INSTRUCTIONS FOR THE TASK: A stretch of the entries below is to be set down exactly, running from the line with "define P where" through the line with "using lam_nz by", both included, and no other line.

Records excerpted from a collection:

lemma rota_baxter_iterate_on_preimage_of_one:
  assumes RB: "rota_baxter smul mult (-1) P" and z: "P z = one" and z_decomp: "z = smul c one + m"
  shows "P (((\<lambda>y. mult y m) ^^ j) z) = smul ((1 - c) ^ j) one"
proof (induction j)
  case 0
  show ?case using z by (simp add: smul_one)
next
  case (Suc j)
  note P_linear = rb_linear[OF RB]
  have P_mult_z: "P (mult w z) = P (mult (P w) z)" for w
    using rb_identity[OF RB, of w z] by (simp add: z mult_one minus_smul smul_one P_linear)
  let ?w = "((\<lambda>y. mult y m) ^^ j) z"
  have "mult ?w m = mult ?w z - smul c ?w"
    by (simp add: z_decomp mult_add_right mult_smul_right mult_one)
  then have "P (mult ?w m) = P (mult ?w z) - smul c (P ?w)"
    by (simp add: P_linear)
  also have "\<dots> = P (mult (P ?w) z) - smul c (P ?w)"
    by (simp only: P_mult_z[of ?w])
  also have "\<dots> = smul ((1 - c) ^ j) one - smul c (smul ((1 - c) ^ j) one)"
    by (simp add: Suc mult_smul_left one_mult P_linear z)
  also have "\<dots> = smul ((1 - c) ^ Suc j) one"
    by (simp add: smul_smul diff_smul[symmetric] algebra_simps)
  finally show ?case by simp
qed

end

locale unit_plus_nil_algebra = unital_algebra +
  assumes unit_plus_nil: "\<And>a. \<exists>c m. a = smul c one + m \<and> nilpotent_elem mult m"
begin

lemma rota_baxter_one_if_in_range:
  assumes RB: "rota_baxter smul mult (-1) P" and one_in_range: "one \<in> range P"
  shows "P one = one"
proof (cases "one = 0")
  case True
  then show ?thesis using rb_zero[OF RB] by simp
next
  case False
  note P_linear = rb_linear[OF RB]
  obtain z where z: "P z = one" using one_in_range by auto
  obtain c m where z_decomp: "z = smul c one + m" and "nilpotent_elem mult m"
    using unit_plus_nil by blast
  then obtain K where m_K: "apow mult m K = 0"
    unfolding nilpotent_elem_def by blast
  note iterate = rota_baxter_iterate_on_preimage_of_one[OF RB z z_decomp]
  have "smul ((1 - c) ^ Suc K) one = 0"
    using iterate[of "Suc K", unfolded z_decomp iterate_mult_unit_plus]
    by (simp add: m_K mult_zero_left smul_zero P_linear)
  then have "(1 - c) ^ Suc K = 0"
    using False smul_eq_0_iff by blast
  then have c: "c = 1"
    by auto
  have "P (apow mult m j) = - P (apow mult m (Suc j))" for j
    using iterate[of "Suc j", unfolded z_decomp iterate_mult_unit_plus]
    by (simp add: c zero_smul smul_one P_linear eq_neg_iff_add_eq_0)
  then have "P m = 0"
    using alternating_eventually_zero[of "\<lambda>j. P (apow mult m j)" 0 K] by (simp add: m_K P_linear)
  then show ?thesis
    using z by (simp add: z_decomp c smul_one P_linear)
qed

lemma rota_baxter_unit_value:
  assumes RB: "rota_baxter smul mult (-1) P"
  shows "P one = 0 \<or> P one = one"
proof -
  have fixes_one: "Q one = one" if RB_Q: "rota_baxter smul mult (-1) Q" and "Q x = one + n"
    and "nilpotent_elem mult n" for Q x n
  proof (rule rota_baxter_one_if_in_range[OF RB_Q])
    show "one \<in> range Q"
      using subalgebra_one_if_unipotent[OF rota_baxter_range_subalgebra[OF RB_Q]] that
      by (metis rangeI)
  qed
  obtain a n where P_one: "P one = smul a one + n" and nil: "nilpotent_elem mult n"
    using unit_plus_nil by blast
  show ?thesis
  proof (cases "a = 0")
    case False
    have "P (smul (inverse a) one) = one + smul (inverse a) n"
      using False by (simp add: rb_smul[OF RB] P_one smul_add smul_smul smul_one)
    then show ?thesis
      using fixes_one[OF RB _ nilpotent_elem_smul[OF nil]] by blast
  next
    case True
    let ?Q = "phi_RB smul (-1) P"
    have "?Q one = one + smul (-1) n"
      using True by (simp add: phi_RB_def P_one zero_smul minus_smul smul_one)
    then have "?Q one = one"
      using fixes_one[OF rota_baxter_phi[OF RB] _ nilpotent_elem_smul[OF nil]] by blast
    then show ?thesis
      by (simp add: phi_RB_def minus_smul smul_one)
  qed
qed

end

theorem theorem9:
  fixes smul :: "'k::field_char_0 \<Rightarrow> 'a::ab_group_add \<Rightarrow> 'a"
    and mult :: "'a \<Rightarrow> 'a \<Rightarrow> 'a"
    and one :: 'a
    and N :: "'a set"
    and R :: "'a \<Rightarrow> 'a"
    and lam :: 'k
  assumes alg: "is_algebra smul mult"
    and unit: "is_unit mult one"
    and pa: "power_associative smul mult"
    and N_sub: "is_subalgebra smul mult N"
    and N_nil: "\<forall>x\<in>N. nilpotent_elem mult x"
    and dsum: "\<forall>a. \<exists>c. \<exists>n\<in>N. a = smul c one + n"
    and dsum0: "\<forall>c. smul c one \<in> N \<longrightarrow> smul c one = 0"
    and lam_nz: "lam \<noteq> 0"
    and RB: "rota_baxter smul mult lam R"
  shows "splitting_RB smul mult lam R \<and> (R one = 0 \<or> phi_RB smul lam R one = 0)"
proof -
  interpret unit_plus_nil_algebra smul mult one
    using alg unit dsum N_nil by unfold_locales blast+
  define P where "P = (\<lambda>x. smul (- inverse lam) (R x))"
  have RB_P: "rota_baxter smul mult (-1) P"
    using rota_baxter_scaled[OF RB, of "- inverse lam"] lam_nz by (simp add: P_def)
  have R_P: "R x = smul (- lam) (P x)" for x
    using lam_nz by (simp add: P_def smul_smul smul_one)
  have R_one: "R one = 0 \<or> R one = - smul lam one"
    using rota_baxter_unit_value[OF RB_P] by (auto simp: R_P smul_zero minus_smul)
  show ?thesis
    using rota_baxter_splitting_if_square[OF RB lam_nz rota_baxter_square_if_one_eigenvector[OF RB R_one]] R_one
    by (auto simp: phi_RB_def)
qed

end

ANSWER BELOW:
  define P where "P = (\<lambda>x. smul (- inverse lam) (R x))"
  have RB_P: "rota_baxter smul mult (-1) P"
    using rota_baxter_scaled[OF RB, of "- inverse lam"] lam_nz by (simp add: P_def)
  have R_P: "R x = smul (- lam) (P x)" for x
    using lam_nz by (simp add: P_def smul_smul smul_one)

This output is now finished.